**How to complete this task:**
Each line holding the string "list" is to be copied from the data.

**Data under study:**
(* Let $M$ be a left cancellative monoid which is strongly $\delta$-hyperbolic (for some real $\delta \geq 0$) with respect to some finite generating set. Then $M$ is finitely presented, and (any finite presentation of) $M$ has Dehn function bounded above by a polynomial of degree $\log_{4/3} 5 + 1$.
   Context: Directed graphs may have loops and multiple edges. For vertices $u,v$ of a directed graph, $d(u,v)$ is the length of a shortest directed path from $u$ to $v$, or $\infty$ if there is none. The out-ball is $\overrightarrow{\mathcal{B}}_r(x)=\{y : d(x,y)\le r\}$ and the in-ball is $\overleftarrow{\mathcal{B}}_r(x)=\{y : d(y,x)\le r\}$; for a set $S$ of vertices these denote the unions over $x\in S$. A path of length $n$ is a sequence $[x_0,\dots,x_n]$ of vertices with an edge from $x_i$ to $x_{i+1}$ for each $i$; it is a geodesic if $n=d(x_0,x_n)$. Paths $p,q$ are composable if the end of $p$ is the start of $q$ (then $p\circ q$ is their concatenation), and parallel if they have the same start and the same end. A directed geodesic triangle is an ordered triple $(p,q,r)$ of geodesics with $p,q$ composable and $p\circ q$ parallel to $r$. It is $\delta$-thin if (identifying a path with its vertex set) every vertex of $r$ lies in $\overrightarrow{\mathcal{B}}_\delta(p)\cup\overleftarrow{\mathcal{B}}_\delta(q)$, every vertex of $p$ lies in $\overrightarrow{\mathcal{B}}_\delta(r)\cup\overleftarrow{\mathcal{B}}_\delta(q)$, and every vertex of $q$ lies in $\overrightarrow{\mathcal{B}}_\delta(p)\cup\overleftarrow{\mathcal{B}}_\delta(r)$. A directed graph is strongly $\delta$-hyperbolic if all its directed geodesic triangles are $\delta$-thin. For a monoid $M$ generated by a finite set $A$, the right Cayley graph has vertex set $M$ and an edge from $m$ to $n$ for each $a\in A$ with $ma=n$; $M$ is strongly $\delta$-hyperbolic with respect to $A$ if this graph is strongly $\delta$-hyperbolic. For a monoid presentation $\langle A\mid R\rangle$ and words $u,v$ equal in the monoid, the area $A(u,v)$ is the least number of applications of relations from $R$ needed to transform $u$ into $v$; the Dehn function is $n\mapsto\max\{A(u,v) : u,v\in A^*, u=v \text{ in the monoid}, |u|+|v|\le n\}$. Dehn functions are compared up to the equivalence $f\sim g$ where $f\prec g$ means $f(j)\le a g(aj)+aj$ for some constant $a$ and all $j$; Dehn functions of different finite presentations of the same monoid are equivalent. *)

theory Defs
  imports Complex_Main "HOL-Library.Extended_Nat"
begin

definition cayley_edge :: "'m::monoid_mult set \<Rightarrow> 'm \<Rightarrow> 'm \<Rightarrow> bool" where
  "cayley_edge A m n \<longleftrightarrow> (\<exists>a\<in>A. m * a = n)"

definition is_path :: "'m::monoid_mult set \<Rightarrow> 'm list \<Rightarrow> bool" where
  "is_path A p \<longleftrightarrow> p \<noteq> [] \<and> (\<forall>i. Suc i < length p \<longrightarrow> cayley_edge A (p ! i) (p ! Suc i))"

definition plen :: "'a list \<Rightarrow> nat" where
  "plen p = length p - 1"

text \<open>Directed distance; infinity if there is no directed path.\<close>
definition cdist :: "'m::monoid_mult set \<Rightarrow> 'm \<Rightarrow> 'm \<Rightarrow> enat" where
  "cdist A u v = Inf {enat (plen p) | p. is_path A p \<and> hd p = u \<and> last p = v}"

definition geodesic :: "'m::monoid_mult set \<Rightarrow> 'm list \<Rightarrow> bool" where
  "geodesic A p \<longleftrightarrow> is_path A p \<and> enat (plen p) = cdist A (hd p) (last p)"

**Your response:**
definition is_path :: "'m::monoid_mult set \<Rightarrow> 'm list \<Rightarrow> bool" where
definition plen :: "'a list \<Rightarrow> nat" where
definition geodesic :: "'m::monoid_mult set \<Rightarrow> 'm list \<Rightarrow> bool" where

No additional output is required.